With the rapid development of portable electronic products in the recent years, products are trending toward higher density, higher performance, more compact and lighter. In order to accommodate the demands for smaller form factors and higher density, the semiconductor industry has developed an array of package-on-package (PoP) technologies.
As shown in
However, in the traditional semiconductor package 1, the distance between the first package substrate 10 and the second package substrate 12 is controlled by the conductive elements 18. The tolerances of the volume and height of the conductive elements 18 after reflow are large, which not only result in flawed contacts that lead to poor electrical connections, but poor coplanarity of the grid array formed by these conductive elements 18, which leads to imbalanced contact stress and sloped coupling between the first and the second package substrates 10 and 12, or even contact offset.

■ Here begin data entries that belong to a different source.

lemma matroid_bases_multiple_exchange:
  assumes M: "matroid_bases n \<B>" and F: "F \<in> \<B>" and G: "G \<in> \<B>" and S: "S \<subseteq> F - G"
  shows "\<exists>Y\<subseteq>G - F. card Y = card S \<and> (F - S) \<union> Y \<in> \<B>"
proof -
  have "finite S" using matroid_bases_finite[OF M F] by (rule finite_subset[OF S, OF finite_Diff])
  from this S show ?thesis
  proof (induction S rule: finite_induct)
    case empty
    show ?case using F by (intro exI[of _ "{}"]) simp
  next
    case (insert x S)
    then obtain Y where Y: "Y \<subseteq> G - F" "card Y = card S" "(F - S) \<union> Y \<in> \<B>" by blast
    have x: "x \<in> F - G" "x \<notin> S" "x \<notin> Y" using insert.prems insert.hyps(2) Y(1) by auto
    then obtain y where y: "y \<in> G - ((F - S) \<union> Y)" and H: "insert y (((F - S) \<union> Y) - {x}) \<in> \<B>"
      using matroid_bases_exchange[OF M Y(3) G, of x] by blast
    have "insert y (((F - S) \<union> Y) - {x}) = (F - insert x S) \<union> insert y Y"
      using x by blast
    moreover have "insert y Y \<subseteq> G - F" using Y(1) y insert.prems by blast
    moreover have "card (insert y Y) = card (insert x S)"
      using y x(2) Y(2) insert.hyps(1) finite_subset[OF Y(1)] matroid_bases_finite[OF M G] by simp
    ultimately show ?case using H by metis
  qed
qed

lemma card_matroid_bases_diff_eq:
  assumes M: "matroid_bases n \<B>" and F: "F \<in> \<B>" and G: "G \<in> \<B>"
  shows "card (F - G) = card (G - F)"
proof -
  have "card (F - G) \<le> card (G - F)" if FG: "F \<in> \<B>" "G \<in> \<B>" for F G
  proof -
    obtain Y where "Y \<subseteq> G - F" "card Y = card (F - G)"
      using matroid_bases_multiple_exchange[OF M FG order.refl] by blast
    then show ?thesis using matroid_bases_finite[OF M \<open>G \<in> \<B>\<close>] by (metis card_mono finite_Diff)
  qed
  then show ?thesis using F G by (simp add: le_antisym)
qed

lemma matroid_bases_exchange_Hall_condition:
  assumes M: "matroid_bases n \<B>" and F: "F \<in> \<B>" and G: "G \<in> \<B>" and S: "S \<subseteq> F - G"
  shows "card S \<le> card (\<Union>x\<in>S. {y \<in> G - F. insert y (F - {x}) \<in> \<B>})"
proof -
  obtain Y where Y: "Y \<subseteq> G - F" "card Y = card S" "(F - S) \<union> Y \<in> \<B>"
    using matroid_bases_multiple_exchange[OF M F G S] by blast
  have sub: "Y \<subseteq> (\<Union>x\<in>S. {y \<in> G - F. insert y (F - {x}) \<in> \<B>})"
  proof
    fix y assume "y \<in> Y"
    then obtain x where "x \<in> F - ((F - S) \<union> Y)" "insert y (F - {x}) \<in> \<B>"
      using matroid_bases_exchange_into[OF M F Y(3)] Y(1) by blast
    then show "y \<in> (\<Union>x\<in>S. {y \<in> G - F. insert y (F - {x}) \<in> \<B>})" using \<open>y \<in> Y\<close> Y(1) by blast
  qed
  have fin: "finite (\<Union>x\<in>S. {y \<in> G - F. insert y (F - {x}) \<in> \<B>})"
    using matroid_bases_finite[OF M G] by (rule finite_subset[rotated]) blast
  show ?thesis using card_mono[OF fin sub] Y(2) by simp
qed

lemma matroid_bases_bij_exchange:
  assumes M: "matroid_bases n \<B>" and F: "F \<in> \<B>" and G: "G \<in> \<B>"
  shows "\<exists>\<sigma>. bij_betw \<sigma> (F - G) (G - F) \<and> (\<forall>i\<in>F - G. insert (\<sigma> i) (F - {i}) \<in> \<B>)"
proof -
  define N where "N x = {y \<in> G - F. insert y (F - {x}) \<in> \<B>}" for x
  have "\<exists>\<sigma>. inj_on \<sigma> (F - G) \<and> (\<forall>x\<in>F - G. \<sigma> x \<in> N x)"
  proof (rule Hall_marriage)
    show "finite (F - G)" using matroid_bases_finite[OF M F] by simp
    show "\<forall>x\<in>F - G. finite (N x)" using matroid_bases_finite[OF M G] by (simp add: N_def)
    show "\<forall>S\<subseteq>F - G. card S \<le> card (\<Union>(N ` S))"
      using matroid_bases_exchange_Hall_condition[OF M F G] by (simp add: N_def)
  qed
  then obtain \<sigma> where \<sigma>: "inj_on \<sigma> (F - G)" "\<forall>x\<in>F - G. \<sigma> x \<in> N x" by blast
  have "\<sigma> ` (F - G) = G - F"
  proof (rule card_subset_eq)
    show "finite (G - F)" using matroid_bases_finite[OF M G] by simp
    show "\<sigma> ` (F - G) \<subseteq> G - F" using \<sigma>(2) by (auto simp: N_def)
    show "card (\<sigma> ` (F - G)) = card (G - F)"
      using card_image[OF \<sigma>(1)] card_matroid_bases_diff_eq[OF M F G] by simp
  qed
  then show ?thesis using \<sigma> by (auto simp: N_def bij_betw_def)
qed

lemma wt_focal_basis_exchange_le:
  assumes M: "matroid_bases n \<B>" and cov: "is_cover \<B> l \<gamma>" and foc: "focal_basis \<B> l \<gamma> F"
    and A: "A \<subseteq> F" and B: "B \<inter> F = {}" and H: "(F - A) \<union> B \<in> \<B>"
  shows "wt \<gamma> A \<le> wt \<gamma> B"
proof -
  have "finite F" using foc matroid_bases_finite[OF M] by (simp add: focal_basis_def)
  have "finite B" using matroid_bases_finite[OF M H] by simp
  have "wt \<gamma> F = wt \<gamma> (F - A) + wt \<gamma> A"
    unfolding wt_def using \<open>finite F\<close> A by (simp add: sum.subset_diff)
  moreover have "wt \<gamma> ((F - A) \<union> B) = wt \<gamma> (F - A) + wt \<gamma> B"
    unfolding wt_def using \<open>finite F\<close> \<open>finite B\<close> B by (subst sum.union_disjoint) auto
  moreover have "int (wt \<gamma> F) = l" using foc by (simp add: focal_basis_def)
  moreover have "l \<le> int (wt \<gamma> ((F - A) \<union> B))" using cov H by (simp add: is_cover_def)
  ultimately show ?thesis by linarith
qed

lemma focal_basis_exchange_single_le:
  assumes M: "matroid_bases n \<B>" and cov: "is_cover \<B> l \<gamma>" and foc: "focal_basis \<B> l \<gamma> F"
    and "x \<in> F" "y \<notin> F" "insert y (F - {x}) \<in> \<B>"
  shows "\<gamma> x \<le> \<gamma> y"
  using wt_focal_basis_exchange_le[OF M cov foc, of "{x}" "{y}"] assms(4-) by (simp add: wt_def)

lemma focal_basis_exchange_supp:
  assumes M: "matroid_bases n \<B>" and cov: "is_cover \<B> l \<gamma>" and foc: "focal_basis \<B> l \<gamma> F"
    and A: "A \<subseteq> F" and B: "B \<inter> F = {}" and H: "(F - A) \<union> B \<in> \<B>" and supp: "A \<subseteq> supp n \<gamma>"
  shows "B \<subseteq> supp n \<gamma>"
proof
  fix b assume "b \<in> B"
  have F: "F \<in> \<B>" using foc by (simp add: focal_basis_def)
  obtain x where x: "x \<in> F - ((F - A) \<union> B)" "insert b (F - {x}) \<in> \<B>"
    using matroid_bases_exchange_into[OF M F H] \<open>b \<in> B\<close> B by blast
  then have "x \<in> A" by blast
  then have "0 < \<gamma> x" using supp by (auto simp: supp_def)
  also have "\<gamma> x \<le> \<gamma> b"
    using focal_basis_exchange_single_le[OF M cov foc] x \<open>b \<in> B\<close> B by blast
  finally show "b \<in> supp n \<gamma>"
    using matroid_bases_subset[OF M H] \<open>b \<in> B\<close> by (auto simp: supp_def)
qed

lemma wt_focal_bases_diff_eq:
  assumes M: "matroid_bases n \<B>" and F: "focal_basis \<B> l \<gamma> F" and G: "focal_basis \<B> l \<gamma> G"
  shows "wt \<gamma> (F - G) = wt \<gamma> (G - F)"
proof -
  have "finite F" "finite G" using F G matroid_bases_finite[OF M] by (auto simp: focal_basis_def)
  have "wt \<gamma> F = wt \<gamma> (F \<inter> G) + wt \<gamma> (F - G)"
    unfolding wt_def using \<open>finite F\<close> by (rule sum.Int_Diff)
  moreover have "wt \<gamma> G = wt \<gamma> (G \<inter> F) + wt \<gamma> (G - F)"
    unfolding wt_def using \<open>finite G\<close> by (rule sum.Int_Diff)
  moreover have "G \<inter> F = F \<inter> G" by blast
  moreover have "int (wt \<gamma> F) = l" "int (wt \<gamma> G) = l" using F G by (simp_all add: focal_basis_def)
  ultimately show ?thesis by (metis add_left_cancel of_nat_eq_iff)
qed

lemma focal_bases_bij_exchange_eq:
  assumes M: "matroid_bases n \<B>" and cov: "is_cover \<B> l \<gamma>"
    and F: "focal_basis \<B> l \<gamma> F" and G: "focal_basis \<B> l \<gamma> G"
    and \<sigma>: "bij_betw \<sigma> (F - G) (G - F)" and exch: "\<forall>i\<in>F - G. insert (\<sigma> i) (F - {i}) \<in> \<B>"
    and i: "i \<in> F - G"
  shows "\<gamma> i = \<gamma> (\<sigma> i)"
proof -
  have "sum \<gamma> (F - G) = sum \<gamma> (G - F)"
    using wt_focal_bases_diff_eq[OF M F G] by (simp add: wt_def)
  also have "\<dots> = (\<Sum>j\<in>F - G. \<gamma> (\<sigma> j))" by (simp add: sum.reindex_bij_betw[OF \<sigma>])
  finally have "sum \<gamma> (F - G) = (\<Sum>j\<in>F - G. \<gamma> (\<sigma> j))" .
  moreover have "\<gamma> j \<le> \<gamma> (\<sigma> j)" if "j \<in> F - G" for j
    using focal_basis_exchange_single_le[OF M cov F] that exch bij_betwE[OF \<sigma>] by blast
  moreover have "finite (F - G)" using F matroid_bases_finite[OF M] by (simp add: focal_basis_def)
  ultimately show ?thesis by (rule sum_mono_inv[OF _ _ i])
qed

lemma focal_basis_exchange:
  assumes M: "matroid_bases n \<B>" and cov: "is_cover \<B> l \<gamma>" and foc: "focal_basis \<B> l \<gamma> F"
  shows "\<forall>A B. A \<subseteq> F - G \<and> B \<subseteq> G - F \<and> (F - A) \<union> B \<in> \<B> \<longrightarrow>
    wt \<gamma> A \<le> wt \<gamma> B \<and> (A \<subseteq> supp n \<gamma> \<longrightarrow> B \<subseteq> supp n \<gamma>)"
proof (intro allI impI)
  fix A B assume "A \<subseteq> F - G \<and> B \<subseteq> G - F \<and> (F - A) \<union> B \<in> \<B>"
  then have "A \<subseteq> F" "B \<inter> F = {}" "(F - A) \<union> B \<in> \<B>" by auto
  then show "wt \<gamma> A \<le> wt \<gamma> B \<and> (A \<subseteq> supp n \<gamma> \<longrightarrow> B \<subseteq> supp n \<gamma>)"
    using wt_focal_basis_exchange_le[OF M cov foc] focal_basis_exchange_supp[OF M cov foc] by simp
qed

lemma focal_bases_exchange:
  assumes M: "matroid_bases n \<B>" and cov: "is_cover \<B> l \<gamma>"
    and F: "focal_basis \<B> l \<gamma> F" and G: "focal_basis \<B> l \<gamma> G"
  shows "\<forall>A B. A \<subseteq> F - G \<and> B \<subseteq> G - F \<and> (F - A) \<union> B \<in> \<B> \<and> (G - B) \<union> A \<in> \<B> \<longrightarrow>
    wt \<gamma> A = wt \<gamma> B \<and> (A \<subseteq> supp n \<gamma> \<longleftrightarrow> B \<subseteq> supp n \<gamma>)"
proof (intro allI impI)
  fix A B assume AB: "A \<subseteq> F - G \<and> B \<subseteq> G - F \<and> (F - A) \<union> B \<in> \<B> \<and> (G - B) \<union> A \<in> \<B>"
  have "wt \<gamma> A \<le> wt \<gamma> B \<and> (A \<subseteq> supp n \<gamma> \<longrightarrow> B \<subseteq> supp n \<gamma>)"
    using focal_basis_exchange[OF M cov F, of G, rule_format, of A B] AB by blast
  moreover have "wt \<gamma> B \<le> wt \<gamma> A \<and> (B \<subseteq> supp n \<gamma> \<longrightarrow> A \<subseteq> supp n \<gamma>)"
    using focal_basis_exchange[OF M cov G, of F, rule_format, of B A] AB by blast
  ultimately show "wt \<gamma> A = wt \<gamma> B \<and> (A \<subseteq> supp n \<gamma> \<longleftrightarrow> B \<subseteq> supp n \<gamma>)"
    using le_antisym by blast
qed
lemma active_ascent: "active E k \<Longrightarrow> nth1 E k < nth1 E (k + 1)"
  unfolding active_def in_Ep_iff in_Eq_iff in_N_iff shape_p_def shape_q_def by auto

lemma algA_last_after_active:
  assumes "active E j" "\<not> active E (j + 1)"
  shows "algA_last E (j + 1) = Some (nth1 E j)"
  using algA_last_inactive[of "j + 1" E] algA_last_active[of E j] assms active_bounds[of E j]
  by simp

lemma in_N_step_effect:
  assumes "in_N E k" "\<not> in_Ep E k" "\<not> in_Eq E k" "active E (k - 2)" "\<not> active E (k - 1)"
  shows "out E k = nth1 E (k - 2) \<and> active E k"
proof -
  have "3 \<le> k" using assms(1) by (simp add: in_N_iff)
  then have "algA_last E (k - 1) = Some (nth1 E (k - 2))"
    using algA_last_after_active[of E "k - 2"] assms(4,5) by (simp add: Suc_diff_Suc numeral_2_eq_2)
  then show ?thesis using assms(1-3) out_in_N by (simp add: active_def)
qed

lemma in_N_predecessors_aux:
  assumes N: "in_N E k" "\<not> in_Ep E k" "\<not> in_Eq E k"
    and prev: "active E (k - 1) \<Longrightarrow> out E (k - 1) < nth1 E k"
  shows "active E (k - 2) \<and> \<not> active E (k - 1)"
proof -
  have k: "3 \<le> k" "k + 1 \<le> length E" using N(1) by (auto simp: in_N_iff)
  have window: "shape_p (out E (k - 2)) (out E (k - 1)) (nth1 E k) (nth1 E (k + 1)) \<or>
      shape_q (out E (k - 2)) (out E (k - 1)) (nth1 E k) (nth1 E (k + 1))"
    using N(1) by (simp add: in_N_iff)
  then have inactive: "\<not> active E (k - 1)"
    using prev by (auto simp: shape_p_def shape_q_def)
  have "active E (k - 2)"
  proof (rule ccontr)
    assume "\<not> active E (k - 2)"
    then have "out E (k - 2) = nth1 E (k - 2)" using k by (intro out_inactive) auto
    moreover have "out E (k - 1) = nth1 E (k - 1)" using k inactive by (intro out_inactive) auto
    ultimately show False using window N(2,3) k by (simp add: in_Ep_iff in_Eq_iff)
  qed
  with inactive show ?thesis by blast
qed

lemma in_N_step_out_less_next:
  assumes "in_N E k" "\<not> in_Ep E k" "\<not> in_Eq E k" "active E (k - 2)" "\<not> active E (k - 1)"
  shows "out E k < nth1 E (k + 1)"
proof -
  have k: "3 \<le> k" using assms(1) by (simp add: in_N_iff)
  have "out E k = nth1 E (k - 2)" using in_N_step_effect assms by blast
  moreover have "nth1 E (k - 2) < nth1 E (k - 1)"
    using active_ascent[OF assms(4)] k by (simp add: Suc_diff_Suc numeral_2_eq_2)
  moreover have "out E (k - 1) = nth1 E (k - 1)"
    using assms(1,5) by (intro out_inactive) (auto simp: in_N_iff)
  ultimately show ?thesis using assms(1) by (auto simp: in_N_iff shape_p_def shape_q_def)
qed

lemma out_less_next: "active E k \<Longrightarrow> out E k < nth1 E (k + 1)"
proof (induction k rule: less_induct)
  case (less k)
  have k: "3 \<le> k" "k + 1 \<le> length E" using active_bounds[OF less.prems] by auto
  have out_before: "out E m < nth1 E (k + 1)"
    if "1 \<le> m" "m < k" "nth1 E m < nth1 E (k + 1)" "nth1 E (m + 1) < nth1 E (k + 1)" for m
  proof (cases "active E m")
    case True
    with less.IH that show ?thesis by fastforce
  next
    case False
    with that k have "out E m = nth1 E m" by (intro out_inactive) auto
    with that show ?thesis by simp
  qed
  consider "in_Ep E k" | "in_Eq E k" | "in_N E k" "\<not> in_Ep E k" "\<not> in_Eq E k"
    using less.prems unfolding active_def by blast
  then show ?case
  proof cases
    case 1
    then have "out E k = out E (k - 1)" by (rule out_in_Ep)
    also have "\<dots> < nth1 E (k + 1)"
      using 1 k by (intro out_before) (auto simp: in_Ep_iff shape_p_def)
    finally show ?thesis .
  next
    case 2
    then have "out E k = out E (k - 2)" by (rule out_in_Eq)
    also have "\<dots> < nth1 E (k + 1)"
      using 2 k by (intro out_before) (auto simp: in_Eq_iff shape_q_def Suc_diff_Suc numeral_2_eq_2)
    finally show ?thesis .
  next
    case 3
    have "active E (k - 1) \<Longrightarrow> out E (k - 1) < nth1 E k"
      using less.IH[of "k - 1"] k by simp
    then show ?thesis using in_N_predecessors_aux[OF 3] in_N_step_out_less_next[OF 3] by blast
  qed
qed

lemma in_N_predecessors:
  assumes "in_N E k" "\<not> in_Ep E k" "\<not> in_Eq E k"
  shows "active E (k - 2) \<and> \<not> active E (k - 1)"
proof -
  have "3 \<le> k" using assms(1) by (simp add: in_N_iff)
  then have "active E (k - 1) \<Longrightarrow> out E (k - 1) < nth1 E k"
    using out_less_next[of E "k - 1"] by simp
  with assms show ?thesis by (rule in_N_predecessors_aux)
qed

lemma in_N_step:
  assumes "in_N E k" "\<not> in_Ep E k" "\<not> in_Eq E k"
  shows "out E k = nth1 E (k - 2) \<and> active E k"
  using in_N_step_effect[OF assms] in_N_predecessors[OF assms] by blast
lemma alg1_run_value_bound:
  assumes run: "alg1_run n N r v mus"
    and r_pos: "\<forall>i\<in>{1..n}. r i > 0" and v_nonneg: "\<forall>i\<in>{1..n}. v i \<ge> 0"
    and "max_req n r > 0" "N > 2 * max_req n r"
    and feasible: "wdp_feasible n N Br r a x"
  shows "wdp_value n v x
           \<le> wdp_value n v (alg1_x mus) * real N / (real N - 2 * real (max_req n r))"
proof -
  define S where "S = set mus"
  define p where "p = sum v S"
  define R where "R = (\<Sum>i\<in>S. real (r i))"
  define c where "c = real N - 2 * real (max_req n r)"
  have "S \<subseteq> {1..n}" using alg1_run_chosen_subset[OF run] unfolding S_def .
  have "0 < c" "c \<le> real N" using assms(5) unfolding c_def by linarith+
  have "0 \<le> p" unfolding p_def using v_nonneg \<open>S \<subseteq> {1..n}\<close> by (intro sum_nonneg) auto
  have x_range: "\<forall>i\<in>{1..n}. 0 \<le> real (x i) \<and> real (x i) \<le> 1"
    using wdp_feasible_binary[OF feasible] by fastforce
  have "real (\<Sum>i=1..n. r i * x i) \<le> real N"
    using wdp_feasible_capacity[OF feasible] by linarith
  then have capacity: "(\<Sum>i\<in>{1..n}. real (r i) * real (x i)) \<le> real N" by simp
  note knapsack = fractional_knapsack_threshold_bound[OF _ \<open>S \<subseteq> {1..n}\<close> x_range capacity]
  have "wdp_value n v x \<le> p * real N / c"
  proof (cases "S = {1..n}")
    case True
    have "wdp_value n v x \<le> p + 0 * (real N - R)"
      using knapsack[of 0 v] v_nonneg True unfolding wdp_value_def p_def R_def by simp
    also have "\<dots> \<le> p * real N / c"
      using \<open>0 \<le> p\<close> \<open>0 < c\<close> \<open>c \<le> real N\<close> by (simp add: le_divide_eq mult_left_mono)
    finally show ?thesis .
  next
    case False
    have "c < R"
      using alg1_run_stopped_demand[OF run assms(4,5)] False unfolding S_def R_def c_def by simp
    then have "mus \<noteq> []" using \<open>0 < c\<close> unfolding R_def S_def by auto
    define d where "d = v (last mus) / real (r (last mus))"
    have "last mus \<in> {1..n}"
      using last_in_set[OF \<open>mus \<noteq> []\<close>] \<open>S \<subseteq> {1..n}\<close> unfolding S_def by blast
    then have "0 \<le> d" unfolding d_def using v_nonneg by simp
    have above: "\<forall>i\<in>S. d * real (r i) \<le> v i"
      using alg1_run_last_density_le[OF run] r_pos \<open>S \<subseteq> {1..n}\<close>
      unfolding d_def S_def by (auto simp: pos_le_divide_eq subset_iff)
    have below: "\<forall>i\<in>{1..n} - S. v i \<le> d * real (r i)"
      using alg1_run_density_le_last[OF run \<open>mus \<noteq> []\<close>] r_pos
      unfolding d_def S_def by (auto simp: pos_divide_le_eq)
    have "d * R \<le> p"
      unfolding R_def p_def sum_distrib_left using above by (intro sum_mono) auto
    have "wdp_value n v x \<le> p + d * (real N - R)"
      using knapsack[OF _ above below \<open>0 \<le> d\<close>] unfolding wdp_value_def p_def R_def by simp
    also have "\<dots> \<le> p * real N / c"
      using threshold_excess_le_scaled[OF \<open>0 \<le> d\<close> \<open>d * R \<le> p\<close> \<open>0 < c\<close> \<open>c < R\<close> \<open>c \<le> real N\<close>] .
    finally show ?thesis .
  qed
  then show ?thesis
    using wdp_value_alg1_x[OF \<open>S \<subseteq> {1..n}\<close>[unfolded S_def]] unfolding p_def S_def c_def by simp
qed

lemma approx_ratio_le:
  fixes D :: real
  assumes "D > 2"
  shows "(D - 2) / (D * exp 1 - 2) \<le> (D - 2) / D"
proof -
  have "D * 2 \<le> D * exp 1"
    using assms exp_ge_add_one_self[of 1] by (intro mult_left_mono) auto
  then have "D \<le> D * exp 1 - 2" using assms by linarith
  moreover have "0 < (D * exp 1 - 2) * D" using assms calculation by simp
  ultimately show ?thesis
    using assms by (intro divide_left_mono) auto
qed

lemma delta_ratio:
  assumes "max_req n r > 0"
  shows "(delta n N r - 2) / delta n N r = (real N - 2 * real (max_req n r)) / real N"
  using assms unfolding delta_def by (cases "N = 0") (auto simp: field_simps)

theorem theorem4:
  fixes n N :: nat and Br :: "nat set" and r :: "nat \<Rightarrow> nat" and v :: "nat \<Rightarrow> real"
    and mus :: "nat list"
  assumes "n \<ge> 1"
    and "Br \<subseteq> {1..n}"
    and "\<forall>i\<in>{1..n}. r i > 0"
    and "\<forall>i\<in>{1..n}. v i \<ge> 0"
    and "N > 2 * max_req n r"
    and "alg1_run n N r v mus"
  shows "wdp_value n v (alg1_x mus) \<ge>
           (delta n N r - 2) / (delta n N r * exp 1 - 2) * wdp_opt n N Br r v"
proof -
  define D where "D = delta n N r"
  define p where "p = wdp_value n v (alg1_x mus)"
  define c where "c = real N - 2 * real (max_req n r)"
  have m_pos: "max_req n r > 0" using max_req_pos[OF assms(1,3)] .
  have "D > 2" unfolding D_def using delta_gt_two[OF m_pos assms(5)] .
  have "0 < c" "0 < real N" using assms(5) unfolding c_def by linarith+
  have "0 \<le> p"
    unfolding p_def wdp_value_alg1_x[OF alg1_run_chosen_subset[OF assms(6)]]
    using alg1_run_chosen_subset[OF assms(6)] assms(4) by (intro sum_nonneg) auto
  have opt: "wdp_opt n N Br r v \<le> p * real N / c"
    using wdp_opt_le alg1_run_value_bound[OF assms(6,3,4) m_pos assms(5)]
    unfolding p_def c_def by blast
  have ratio: "(D - 2) / (D * exp 1 - 2) \<le> c / real N"
    using approx_ratio_le[OF \<open>D > 2\<close>] delta_ratio[OF m_pos] unfolding D_def c_def by simp
  have "0 \<le> (D - 2) / (D * exp 1 - 2)"
    using \<open>D > 2\<close> exp_gt_one[of 1] by (intro divide_nonneg_pos) (simp_all add: less_trans[of 2 D])
  then have "(D - 2) / (D * exp 1 - 2) * wdp_opt n N Br r v
             \<le> (D - 2) / (D * exp 1 - 2) * (p * real N / c)"
    by (rule mult_left_mono[OF opt])
  also have "\<dots> \<le> c / real N * (p * real N / c)"
    using ratio \<open>0 \<le> p\<close> \<open>0 < c\<close> by (intro mult_right_mono) auto
  also have "\<dots> = p" using \<open>0 < c\<close> \<open>0 < real N\<close> by simp
  finally show ?thesis unfolding D_def p_def .
qed

end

Furthermore, the fabrication process of the traditional semiconductor package 1 is rather complex (e.g., requiring two flux cleaning procedures) and the production cost is higher.
Therefore, there is a need for a solution that addresses the aforementioned issues in the prior art.
In view of the aforementioned shortcomings of the prior art, the present disclosure provides an electronic package, which may include: a first carrier structure; an electronic component provided on the first carrier structure via a bonding layer; a second carrier structure stacked on the first carrier structure via a plurality of conductive elements and electrically connected with the electronic component; and a covering layer formed between the first carrier structure and the second carrier structure and covering the electronic component and the conductive elements.
The present disclosure further provides a method for fabricating an electronic package, which includes: bonding an electronic component onto a first carrier structure via a bonding layer; stacking the first carrier structure on a second carrier structure via a plurality of conductive elements, and electrically connecting the electronic component and the second carrier structure; and forming between the first carrier structure and the second carrier structure a covering layer that covers the electronic component and the conductive elements.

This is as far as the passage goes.